The 'Global Feminisms Project' was funded, beginning in 2002, by a major grant from the Rackham Graduate School, with additional funding provided by the College of Literature, Science and the Arts, the Institute for Research on Women and Gender, the Women's Studies Program, and the Center for South Asian Studies at the University of Michigan.
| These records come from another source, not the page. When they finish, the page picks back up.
lemma add_mset_spart_twice_large_parts:
  assumes "\<pi> \<noteq> {#}" and "count \<pi> (spart \<pi>) = 2"
  shows "\<pi> = add_mset (spart \<pi>) (add_mset (spart \<pi>) (large_parts \<pi>))"
proof (rule multiset_eqI)
  fix x
  have "x \<in># \<pi> \<Longrightarrow> spart \<pi> \<le> x"
    by (simp add: spart_def)
  then show "count \<pi> x = count (add_mset (spart \<pi>) (add_mset (spart \<pi>) (large_parts \<pi>))) x"
    using assms(2) by (cases "spart \<pi> < x") (auto simp: large_parts_def not_less count_eq_zero_iff)
qed

lemma Spt2_do_eq_image:
  "Spt2_do n = (\<lambda>(s, L). add_mset s (add_mset s L)) `
                 (SIGMA s:{1..n}. prog_parts (s + 1) (int n - 2 * int s))"
proof (intro set_eqI iffI)
  fix \<pi> assume "\<pi> \<in> Spt2_do n"
  then have pos: "\<forall>x\<in>#\<pi>. 0 < x" and sum: "sum_mset \<pi> = n" and "\<pi> \<noteq> {#}"
    and twice: "count \<pi> (spart \<pi>) = 2"
    and large: "\<forall>x\<in>#large_parts \<pi>. count \<pi> x = 1 \<and> (odd x \<longleftrightarrow> \<not> odd (spart \<pi>))"
    by (auto simp: Spt2_do_def partitions_def)
  define s L where "s = spart \<pi>" and "L = large_parts \<pi>"
  have \<pi>: "\<pi> = add_mset s (add_mset s L)"
    unfolding s_def L_def using \<open>\<pi> \<noteq> {#}\<close> twice by (rule add_mset_spart_twice_large_parts)
  have "s \<ge> 1" and "2 * s \<le> n"
    using pos sum by (auto simp: \<pi>)
  moreover have "L \<in> prog_parts (s + 1) (int n - 2 * int s)"
    unfolding prog_parts_def
  proof (intro CollectI conjI ballI)
    fix x assume "x \<in># L"
    then have "s < x" and "count \<pi> x = 1" and "odd x \<longleftrightarrow> \<not> odd s"
      using large by (auto simp: L_def s_def large_parts_def)
    then show "s + 1 \<le> x" and "even (x - (s + 1))" and "count L x = 1"
      by (auto simp: \<pi>)
  next
    show "int (sum_mset L) = int n - 2 * int s"
      using sum by (simp add: \<pi> del: of_nat_sum_mset)
  qed
  ultimately show "\<pi> \<in> (\<lambda>(s, L). add_mset s (add_mset s L)) `
                     (SIGMA s:{1..n}. prog_parts (s + 1) (int n - 2 * int s))"
    using \<pi> by force
next
  fix \<pi> assume "\<pi> \<in> (\<lambda>(s, L). add_mset s (add_mset s L)) `
                   (SIGMA s:{1..n}. prog_parts (s + 1) (int n - 2 * int s))"
  then obtain s L where "s \<ge> 1" and "L \<in> prog_parts (s + 1) (int n - 2 * int s)"
    and \<pi>: "\<pi> = add_mset s (add_mset s L)"
    by auto
  then have L_parts: "\<forall>x\<in>#L. s + 1 \<le> x \<and> even (x - (s + 1)) \<and> count L x = 1"
    and L_sum: "int (sum_mset L) = int n - 2 * int s"
    by (auto simp: prog_parts_def simp del: of_nat_sum_mset)
  then have above: "\<forall>x\<in>#L. s < x"
    by auto
  have "\<pi> \<in> partitions n"
    using \<open>s \<ge> 1\<close> above L_sum by (auto simp: partitions_def \<pi> simp del: of_nat_sum_mset)
  moreover have "odd x \<longleftrightarrow> \<not> odd s" if "x \<in># L" for x
  proof -
    have "s + 1 \<le> x" and "even (x - (s + 1))"
      using L_parts that by auto
    then show ?thesis by presburger
  qed
  ultimately show "\<pi> \<in> Spt2_do n"
    using L_parts above
    by (auto simp: Spt2_do_def \<pi> spart_add_mset_twice large_parts_add_mset_twice
             count_eq_zero_iff)
qed
(* For every integer $m\ge 0$, there exist an NFA with $m+1$ states and a DFA with two states, both over an alphabet of cardinality $m+1$, such that there is a tower of height $2^{m+1}$ between their languages and there is no infinite tower between their languages.
   Context: For strings $v=a_1\cdots a_k$ and $w$, $v\preccurlyeq w$ if $w\in\Sigma^*a_1\Sigma^*a_2\Sigma^*\cdots\Sigma^*a_k\Sigma^*$. A sequence $(w_i)_{i=1}^r$ of strings is a tower between languages $K$ and $L$ if $w_1\in K\cup L$ and for all $i=1,\dots,r-1$: $w_i\preccurlyeq w_{i+1}$, $w_i\in K$ implies $w_{i+1}\in L$, and $w_i\in L$ implies $w_{i+1}\in K$; $r$ is its height. An infinite tower is an infinite sequence with the same properties. *)

theory Defs
  imports Main "HOL-Library.Sublist"
begin

definition is_nfa :: "'a set \<Rightarrow> 's set \<Rightarrow> 's set \<Rightarrow> 's set \<Rightarrow> ('s \<Rightarrow> 'a \<Rightarrow> 's set) \<Rightarrow> bool" where
  "is_nfa Al Q I F delta \<longleftrightarrow> finite Al \<and> finite Q \<and> I \<subseteq> Q \<and> F \<subseteq> Q \<and>
     (\<forall>q\<in>Q. \<forall>a\<in>Al. delta q a \<subseteq> Q)"

definition is_dfa :: "'a set \<Rightarrow> 's set \<Rightarrow> 's set \<Rightarrow> 's set \<Rightarrow> ('s \<Rightarrow> 'a \<Rightarrow> 's set) \<Rightarrow> bool" where
  "is_dfa Al Q I F delta \<longleftrightarrow> is_nfa Al Q I F delta \<and> card I = 1 \<and>
     (\<forall>q\<in>Q. \<forall>a\<in>Al. card (delta q a) \<le> 1)"

fun steps :: "('s \<Rightarrow> 'a \<Rightarrow> 's set) \<Rightarrow> 's set \<Rightarrow> 'a list \<Rightarrow> 's set" where
  "steps delta S [] = S"
| "steps delta S (a # w) = steps delta (\<Union>q\<in>S. delta q a) w"

definition lang :: "'a set \<Rightarrow> 's set \<Rightarrow> ('s \<Rightarrow> 'a \<Rightarrow> 's set) \<Rightarrow> 's set \<Rightarrow> 'a list set" where
  "lang Al I delta F = {w. set w \<subseteq> Al \<and> steps delta I w \<inter> F \<noteq> {}}"

definition is_tower :: "'a list set \<Rightarrow> 'a list set \<Rightarrow> 'a list list \<Rightarrow> bool" where
  "is_tower K L ws \<longleftrightarrow> ws \<noteq> [] \<and> hd ws \<in> K \<union> L \<and>
     (\<forall>i. Suc i < length ws \<longrightarrow>
        subseq (ws ! i) (ws ! Suc i) \<and>
        (ws ! i \<in> K \<longrightarrow> ws ! Suc i \<in> L) \<and>
        (ws ! i \<in> L \<longrightarrow> ws ! Suc i \<in> K))"

definition is_infinite_tower :: "'a list set \<Rightarrow> 'a list set \<Rightarrow> (nat \<Rightarrow> 'a list) \<Rightarrow> bool" where
  "is_infinite_tower K L w \<longleftrightarrow> w 0 \<in> K \<union> L \<and>
     (\<forall>i. subseq (w i) (w (Suc i)) \<and>
        (w i \<in> K \<longrightarrow> w (Suc i) \<in> L) \<and>
        (w i \<in> L \<longrightarrow> w (Suc i) \<in> K))"

end

theory Submission
  imports Defs
begin

(* The NFA, with states 0..m all initial and 0 the only final state, loops in a state q > 0 on the
   letters below q and on the letter q may jump to any smaller state.  So a nonempty word of its
   language K has the form x q y, with all letters of x below q and y accepted from a state below q;
   in particular no word of K ends in 0, whereas the DFA accepts exactly the words ending in 0.
   Towers of height 2^(m+1) arise by doubling: the tower for m+1 is the tower for m followed by a
   copy of it with z (m+1) prepended to every word, z being its last word.
   An infinite tower yields an infinite sequence of words of K each of which, with 0 appended,
   embeds into the next.  If the letter m occurs in one of these words, it occurs in all later
   ones, and cutting each word after the first occurrence of m leaves a sequence of the same kind
   for the bound m - 1; otherwise the sequence already lives below m.  Induction on m excludes
   such sequences. *)

definition descent_delta :: "nat \<Rightarrow> nat \<Rightarrow> nat set" where
  "descent_delta q a =
     (if q = 0 then {} else if a < q then {q} else if a = q then {0..<q} else {})"

definition last_zero_delta :: "nat \<Rightarrow> nat \<Rightarrow> nat set" where
  "last_zero_delta q a = (if a = 0 then {1} else {0})"

lemma steps_UN: "steps d S w = (\<Union>s\<in>S. steps d {s} w)"
proof (induction w arbitrary: S)
  case (Cons a w)
  have "steps d S (a # w) = (\<Union>s\<in>(\<Union>q\<in>S. d q a). steps d {s} w)"
    by (simp only: steps.simps Cons.IH[of "\<Union>q\<in>S. d q a"])
  also have "\<dots> = (\<Union>q\<in>S. \<Union>s\<in>d q a. steps d {s} w)"
    by blast
  also have "\<dots> = (\<Union>q\<in>S. steps d {q} (a # w))"
    by (simp only: steps.simps Cons.IH[of "d _ a"] UN_insert UN_empty Un_empty_right)
  finally show ?case .
qed simp

lemma steps_last_zero:
  "steps last_zero_delta {q} w = {if w = [] then q else if last w = 0 then 1 else 0}"
  by (induction w arbitrary: q) (auto simp: last_zero_delta_def)

definition descends_from :: "nat \<Rightarrow> nat list \<Rightarrow> bool" where
  "descends_from j w \<longleftrightarrow> 0 \<in> steps descent_delta {j} w"

lemma descends_from_Nil [simp]: "descends_from j [] \<longleftrightarrow> j = 0"
  by (auto simp: descends_from_def)

lemma descends_from_Cons:
  "descends_from j (a # w) \<longleftrightarrow> (\<exists>s\<in>descent_delta j a. descends_from s w)"
  by (simp add: descends_from_def steps_UN[of _ "descent_delta j a"])

lemma descends_from_0 [simp]: "descends_from 0 w \<longleftrightarrow> w = []"
  by (cases w) (auto simp: descends_from_Cons descent_delta_def)
lemma Min_mdom_attained:
  obtains u where "u \<in> mdom f" and "Min (f ` mdom f) = f u" and "\<And>w. w \<in> mdom f \<Longrightarrow> fval u \<le> fval w"
proof -
  have fin: "finite (f ` mdom f)" using finite_mdom by simp
  moreover have "f ` mdom f \<noteq> {}" using M_convex by (simp add: M_convex_def)
  ultimately obtain u where u: "u \<in> mdom f" and min: "Min (f ` mdom f) = f u"
    using Min_in by (metis imageE)
  have "fval u \<le> fval w" if "w \<in> mdom f" for w
    using Min_le[OF fin, of "f w"] that u min by (simp add: f_eq_fval)
  with u min that show ?thesis by blast
qed

end

theorem mainTheorem6:
  fixes f :: "('a::finite \<Rightarrow> int) \<Rightarrow> ereal" and x0 :: "'a \<Rightarrow> int" and k :: nat
  assumes "M_convex f" and "int_valued f" and "bounded_dom f"
    and "x0 \<in> mdom f"
    and "LSD2_run f x0 k"
  shows "ereal ((real k)\<^sup>2 / 2) \<le> f x0 - Min (f ` mdom f)
       \<and> real k \<le> sqrt (2 * real_of_ereal (f x0 - Min (f ` mdom f)))"
proof -
  interpret bounded_int_M_convex f using assms(1-3) by unfold_locales
  obtain w where "w \<in> mdom f" and w: "int k * (int k + 1) \<le> 2 * (fval x0 - fval w)"
    using LSD2_run_descent[OF assms(4,5)] .
  obtain u where "u \<in> mdom f" and min: "Min (f ` mdom f) = f u"
    and u_min: "\<And>w. w \<in> mdom f \<Longrightarrow> fval u \<le> fval w"
    using Min_mdom_attained by blast
  have "int k * int k \<le> int k * (int k + 1)" by (intro mult_left_mono) simp_all
  also note w
  also have "2 * (fval x0 - fval w) \<le> 2 * (fval x0 - fval u)" using u_min[OF \<open>w \<in> mdom f\<close>] by simp
  finally have "int k * int k \<le> 2 * (fval x0 - fval u)" .
  then have "real_of_int (int k * int k) \<le> real_of_int (2 * (fval x0 - fval u))"
    by (simp only: of_int_le_iff)
  then have "(real k)\<^sup>2 \<le> 2 * real_of_int (fval x0 - fval u)" by (simp add: power2_eq_square)
  moreover have "f x0 - Min (f ` mdom f) = ereal (of_int (fval x0 - fval u))"
    using min \<open>u \<in> mdom f\<close> assms(4) by (simp add: f_eq_fval)
  ultimately show ?thesis by (auto intro: real_le_rsqrt)
qed

end
lemma optimal_opt_policy: "optimal_policy N p c r \<beta> \<epsilon> (det_policy opt_policy)"
  unfolding optimal_policy_def
proof (intro conjI allI impI)
  show "admissible_policy N (det_policy opt_policy)"
    by (rule admissible_det_policy) (simp add: opt_policy_def choice_in_A)
  fix \<psi> assume adm: "admissible_policy N \<psi>"
  obtain C D where C: "0 < C"
    and growth: "\<And>s a. a \<in> actions N \<Longrightarrow> (1 - Q a) * bias (Suc s) \<le> C * u s a + D"
    by (rule bias_growth) blast
  have "avg_cost p c r \<beta> \<epsilon> (det_policy opt_policy) \<le> ereal gain"
  proof (rule avg_cost_le_of_bellman[where h = bias])
    show "bellman_residual gain bias s (opt_policy s) = 0" if "1 \<le> s" for s
      using that by (simp add: bellman_residual_bias opt_policy_def min_value_def)
  qed (use bias_one in \<open>simp_all add: opt_policy_def choice_in_A bias_nonneg\<close>)
  also have "ereal gain \<le> avg_cost p c r \<beta> \<epsilon> \<psi>"
  proof (rule avg_cost_ge_of_bellman[where h = bias, OF adm _ bias_one _ C])
    show "0 \<le> bellman_residual gain bias s a" if "1 \<le> s" "a \<in> actions N" for s a
      using that by (simp add: bellman_residual_bias min_value_le)
    show "(1 - Q a) * bias (Suc s) \<le> C * u s a + D" if "1 \<le> s" "a \<in> actions N" for s a
      using that(2) by (rule growth)
  qed
  finally show "avg_cost p c r \<beta> \<epsilon> (det_policy opt_policy) \<le> avg_cost p c r \<beta> \<epsilon> \<psi>" .
qed

text \<open>The action order lists every choice on the ray above \<open>failure_cost 1\<close>, including choices
  made at no integral age; consecutive thresholds then coincide.  Without these, the
  minimal-slope property of successors could fail.\<close>

definition chosen_actions :: "nat set set" where
  "chosen_actions = choice ` {failure_cost 1..}"
lemma baire_space_tail_topology: "baire_space (tail_topology D)"
proof (rule baire_space_coarser[OF baire_space_euclideanreal])
  show "openin euclideanreal U" if "openin (tail_topology D) U" for U
    using that by (simp add: open_if_openin_tail_topology)
  show "\<exists>V. openin (tail_topology D) V \<and> V \<noteq> {} \<and> V \<subseteq> U"
    if "openin euclideanreal U" "U \<noteq> {}" for U
  proof (intro exI conjI)
    show "openin (tail_topology D) (U - {0})"
      using that by (auto simp: openin_tail_topology)
    show "U - {0} \<noteq> {}"
      using that not_open_singleton by (metis Diff_eq_empty_iff open_openin subset_singletonD)
  qed auto
qed

lemma not_regular_space_tail_topology:
  assumes C: "closed C" "0 \<notin> C" "C \<subseteq> D" "C \<subseteq> closure (- D)"
    and unbounded: "\<And>M. \<exists>c\<in>C. M < c"
  shows "\<not> regular_space (tail_topology D)"
proof
  assume "regular_space (tail_topology D)"
  moreover have "closedin (tail_topology D) C"
    using C by (auto simp: closedin_def openin_tail_topology_Compl Compl_eq_Diff_UNIV[symmetric])
  ultimately obtain U V where UV: "openin (tail_topology D) U" "openin (tail_topology D) V"
      "0 \<in> U" "C \<subseteq> V" "disjnt U V"
    using C(2) unfolding regular_space_def by (metis Diff_iff UNIV_I topspace_tail_topology)
  then obtain M where M: "{M<..} - D \<subseteq> U"
    by (auto simp: openin_tail_topology)
  obtain c where c: "c \<in> C" "M < c"
    using unbounded by blast
  have "open (V \<inter> {M<..})"
    using UV(2) by (simp add: open_Int open_if_openin_tail_topology)
  moreover have "c \<in> V \<inter> {M<..}" "c \<in> closure (- D)"
    using c UV(4) C(4) by auto
  ultimately have "V \<inter> {M<..} \<inter> - D \<noteq> {}"
    using open_Int_closure_eq_empty by blast
  then show False
    using M UV(5) by (auto simp: disjnt_def)
qed

section \<open>Encoding sets of reals by marked integer translates\<close>

lemma closed_nat_translates: "closed {real n + c | n::nat. 0 < n}"
proof (rule discrete_imp_closed[of 1])
  show "\<forall>x\<in>{real n + c | n::nat. 0 < n}. \<forall>y\<in>{real n + c | n::nat. 0 < n}. dist y x < 1 \<longrightarrow> y = x"
    by (auto simp: dist_real_def)
qed simp

lemma nat_translates_unbounded:
  assumes "0 \<le> c"
  shows "\<exists>n::nat. 0 < n \<and> M < real n + c"
proof -
  obtain n :: nat where "max M 0 < real n"
    using reals_Archimedean2 by blast
  then show ?thesis
    using assms by (intro exI[of _ n]) auto
qed

definition marks :: "real set \<Rightarrow> real set" where
  "marks A = {real n + h | n h. 0 < n \<and> h \<in> insert 0 A}"

lemma nat_add_frac_eq_iff:
  assumes "0 \<le> h" "h < 1" "0 \<le> h'" "h' < 1"
  shows "real n + h = real m + h' \<longleftrightarrow> n = m \<and> h = h'"
proof
  assume eq: "real n + h = real m + h'"
  moreover have "\<lfloor>real n + h\<rfloor> = int n" "\<lfloor>real m + h'\<rfloor> = int m"
    using assms by (simp_all add: floor_eq_iff)
  ultimately have "n = m"
    by simp
  then show "n = m \<and> h = h'"
    using eq by simp
qed simp

lemma nat_add_frac_mem_marks:
  assumes A: "A \<subseteq> {0<..<1}" and h: "0 \<le> h" "h < 1"
  shows "real n + h \<in> marks A \<longleftrightarrow> 0 < n \<and> h \<in> insert 0 A"
proof
  assume "real n + h \<in> marks A"
  then obtain m h' where eq: "real n + h = real m + h'" and m: "0 < m" "h' \<in> insert 0 A"
    unfolding marks_def by blast
  have "0 \<le> h'" "h' < 1"
    using m(2) A by auto
  then have "n = m \<and> h = h'"
    using nat_add_frac_eq_iff[OF h] eq by blast
  then show "0 < n \<and> h \<in> insert 0 A"
    using m by simp
qed (auto simp: marks_def)

lemma openin_tail_topology_marks_iff:
  assumes A: "A \<subseteq> {0<..<1}" and a: "0 < a" "a < 1"
  shows "openin (tail_topology (marks A)) (- {real n + a | n. 0 < n}) \<longleftrightarrow> a \<in> A"
proof -
  have "0 \<notin> {real n + a | n. 0 < n}"
    using a by auto
  then have "openin (tail_topology (marks A)) (- {real n + a | n. 0 < n}) \<longleftrightarrow>
      (\<exists>M. {real n + a | n. 0 < n} \<inter> {M<..} \<subseteq> marks A)"
    by (intro openin_tail_topology_Compl closed_nat_translates)
  also have "\<dots> \<longleftrightarrow> a \<in> A"
  proof
    assume "\<exists>M. {real n + a | n. 0 < n} \<inter> {M<..} \<subseteq> marks A"
    then obtain M where M: "{real n + a | n. 0 < n} \<inter> {M<..} \<subseteq> marks A"
      by blast
    obtain n :: nat where "0 < n" "M < real n + a"
      using nat_translates_unbounded a by (meson less_imp_le)
    then have "real n + a \<in> marks A"
      using M by blast
    then show "a \<in> A"
      using nat_add_frac_mem_marks[OF A] a by auto
  next
    assume "a \<in> A"
    then show "\<exists>M. {real n + a | n. 0 < n} \<inter> {M<..} \<subseteq> marks A"
      by (auto simp: marks_def)
  qed
  finally show ?thesis .
qed

lemma inj_on_tail_topology_marks: "inj_on (\<lambda>A. tail_topology (marks A)) (Pow {0<..<1})"
proof (rule inj_onI)
  fix A B assume A: "A \<in> Pow {0<..<1}" and B: "B \<in> Pow {0<..<1}"
    and eq: "tail_topology (marks A) = tail_topology (marks B)"
  have "a \<in> A \<longleftrightarrow> a \<in> B" if "0 < a" "a < 1" for a
    using openin_tail_topology_marks_iff[of A a] openin_tail_topology_marks_iff[of B a] A B eq that
    by simp
  then show "A = B"
    using A B by auto
qed

lemma not_regular_space_tail_topology_marks:
  assumes A: "A \<subseteq> {1/2<..<1}"
  shows "\<not> regular_space (tail_topology (marks A))"
proof (rule not_regular_space_tail_topology)
  let ?C = "{real n + 0 | n::nat. 0 < n}"
  show "closed ?C"
    by (rule closed_nat_translates)
  show "0 \<notin> ?C" "\<And>M. \<exists>c\<in>?C. M < c"
    using nat_translates_unbounded[of 0] by auto
  have A01: "A \<subseteq> {0<..<1}"
    using A by auto
  show "?C \<subseteq> marks A"
    unfolding marks_def by blast
  show "?C \<subseteq> closure (- marks A)"
  proof clarify
    fix n :: nat assume "0 < n"
    have "{real n<..<real n + 1/2} \<subseteq> - marks A"
    proof
      fix x assume x: "x \<in> {real n<..<real n + 1/2}"
      then have "x - real n \<notin> insert 0 A"
        using A by auto
      then show "x \<in> - marks A"
        using nat_add_frac_mem_marks[OF A01, of "x - real n" n] x by auto
    qed
    then have "closure {real n<..<real n + 1/2} \<subseteq> closure (- marks A)"
      by (rule closure_mono)
    then show "real n + 0 \<in> closure (- marks A)"
      by auto
  qed
qed

lemma tail_topologies_marks_eqpoll:
  "(\<lambda>A. tail_topology (marks A)) ` Pow {1/2<..<1} \<approx> Pow (UNIV :: real set)"
proof -
  have "inj_on (\<lambda>A. tail_topology (marks A)) (Pow {1/2<..<1})"
    by (rule inj_on_subset[OF inj_on_tail_topology_marks]) auto
  then have "(\<lambda>A. tail_topology (marks A)) ` Pow {1/2<..<1} \<approx> Pow {1/2<..<1 :: real}"
    by (rule inj_on_image_eqpoll_self)
  also obtain f :: "real \<Rightarrow> real" where "bij_betw f UNIV {1/2<..<1}"
    using open_interval_eqpoll_reals[of "1/2" 1] eqpoll_sym unfolding eqpoll_def by auto
  then have "Pow {1/2<..<1 :: real} \<approx> Pow (UNIV :: real set)"
    using bij_betw_image_Pow eqpoll_def eqpoll_sym by blast
  finally show ?thesis .
qed

theorem theorem2:
  shows "\<exists>F :: real topology set.
           F \<approx> (UNIV :: real set set) \<and>
           F \<subseteq> coarser_Hausdorff_topologies \<and>
           (\<forall>\<tau>\<in>F. baire_space \<tau> \<and> \<not> regular_space \<tau>) \<and>
           (\<forall>\<tau>\<in>F. \<forall>\<sigma>\<in>F. \<tau> \<noteq> \<sigma> \<longrightarrow> \<not> (\<tau> homeomorphic_space \<sigma>))"
proof -
  define G where "G = (\<lambda>A. tail_topology (marks A)) ` Pow {1/2<..<1}"
  have G_coarser: "G \<subseteq> coarser_Hausdorff_topologies"
    by (auto simp: G_def coarser_Hausdorff_topologies_def Hausdorff_space_tail_topology
        open_if_openin_tail_topology)
  have "{\<rho> \<in> G. \<rho> homeomorphic_space \<sigma>} \<lesssim> (UNIV :: real set)" if "\<sigma> \<in> G" for \<sigma>
  proof (rule lepoll_trans[OF subset_imp_lepoll])
    show "{\<rho> \<in> G. \<rho> homeomorphic_space \<sigma>} \<subseteq> {\<rho> \<in> coarser_Hausdorff_topologies. \<rho> homeomorphic_space \<sigma>}"
      using G_coarser by blast
    show "{\<rho> \<in> coarser_Hausdorff_topologies. \<rho> homeomorphic_space \<sigma>} \<lesssim> (UNIV :: real set)"
      using G_coarser that by (intro homeomorphism_class_lepoll_reals) blast
  qed
  then obtain F where F: "F \<subseteq> G" "F \<approx> Pow (UNIV :: real set)"
    and F_non_homeomorphic: "\<forall>\<tau>\<in>F. \<forall>\<sigma>\<in>F. \<tau> \<noteq> \<sigma> \<longrightarrow> \<not> \<tau> homeomorphic_space \<sigma>"
    using non_homeomorphic_subset_eqpoll_Pow[OF infinite_UNIV_char_0, of G]
      tail_topologies_marks_eqpoll unfolding G_def by blast
  have "baire_space \<tau> \<and> \<not> regular_space \<tau>" if "\<tau> \<in> G" for \<tau>
    using that by (auto simp: G_def baire_space_tail_topology not_regular_space_tail_topology_marks)
  then show ?thesis
    using F F_non_homeomorphic G_coarser by (intro exI[of _ F]) auto
qed

end
lemma card_triples: "card (triples k) = 8 ^ k"
  by (simp add: triples_def card_msgs card_cartesian_product flip: power_mult_distrib)

lemma sum_triples: "(\<Sum>x\<in>triples k. F x) = (\<Sum>x1\<in>msgs k. \<Sum>x2\<in>msgs k. \<Sum>x3\<in>msgs k. F (x1, x2, x3))"
  by (simp add: triples_def sum.cartesian_product)

lemma sum_triples_Suc:
  "(\<Sum>x\<in>triples (Suc k). F x) = (\<Sum>a\<in>UNIV. \<Sum>b\<in>UNIV. \<Sum>c\<in>UNIV.
     \<Sum>(x1, x2, x3)\<in>triples k. F (a # x1, b # x2, c # x3))"
  by (simp add: sum_triples sum_msgs_Suc sum.distrib UNIV_bool ac_simps)

definition length_weight :: "real \<Rightarrow> bool list \<Rightarrow> real" where
  "length_weight a z = (1 - 2 * a) * a ^ length z"

lemma length_weight_pos: "0 < a \<Longrightarrow> a < 1/2 \<Longrightarrow> 0 < length_weight a z"
  by (simp add: length_weight_def)

lemma ln_length_weight:
  "0 < a \<Longrightarrow> a < 1/2 \<Longrightarrow> ln (length_weight a z) = ln (1 - 2 * a) + length z * ln a"
  by (simp add: length_weight_def ln_mult ln_realpow)

lemma sum_length_weight_le_1:
  assumes "finite Z" "0 < a" "a < 1/2"
  shows "(\<Sum>z\<in>Z. length_weight a z) \<le> 1"
proof -
  obtain M where M: "\<forall>z\<in>Z. length z \<le> M"
    using finite_nat_set_iff_bounded_le[of "length ` Z"] assms(1) by auto
  then have "Z \<subseteq> (\<Union>n\<le>M. msgs n)" by (auto simp: msgs_def)
  then have "(\<Sum>z\<in>Z. length_weight a z) \<le> (\<Sum>z\<in>(\<Union>n\<le>M. msgs n). length_weight a z)"
    using assms by (intro sum_mono2) (auto simp: finite_msgs length_weight_def)
  also have "\<dots> = (\<Sum>n\<le>M. \<Sum>z\<in>msgs n. length_weight a z)"
    by (rule sum.UNION_disjoint) (simp_all add: finite_msgs, auto simp: msgs_def)
  also have "\<dots> = (1 - 2 * a) * (\<Sum>n<Suc M. (2 * a) ^ n)"
    by (simp add: length_weight_def msgs_def card_msgs[unfolded msgs_def] power_mult_distrib
        sum_distrib_left lessThan_Suc_atMost mult_ac)
  also have "\<dots> = 1 - (2 * a) ^ Suc M"
    using assms by (simp only: sum_gp_strict) (auto simp: field_simps)
  also have "\<dots> \<le> 1" using assms by simp
  finally show ?thesis .
qed

lemma expect_uniform_cong:
  "(\<And>x. x \<in> triples k \<Longrightarrow> f x = g x) \<Longrightarrow> expect_uniform k f = expect_uniform k g"
  by (simp add: expect_uniform_def)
By documenting individual life stories of activists and scholars, and considering them in their particular historical and cultural contexts, the project records important differences in women's activism in specific local sites, and questions constructions of 'global' feminism that assume a common (Western) set of issues as universal to all women. In addition, the project questions conventional notions of global feminism as the "internationalization of the women's movement," which often assumes a transfer eastward of western feminist ideals. Each site has independently developed its list of interviewees, thereby selecting on their own terms the issues that represent aspects of their national histories and women's movement histories, as well as who should represent them,. The four research teams met twice to review each other's materials and to discuss the disparate ideas about the body, the public-private divide, the state, law & jurisprudence, and publishing that have emerged from the interviews.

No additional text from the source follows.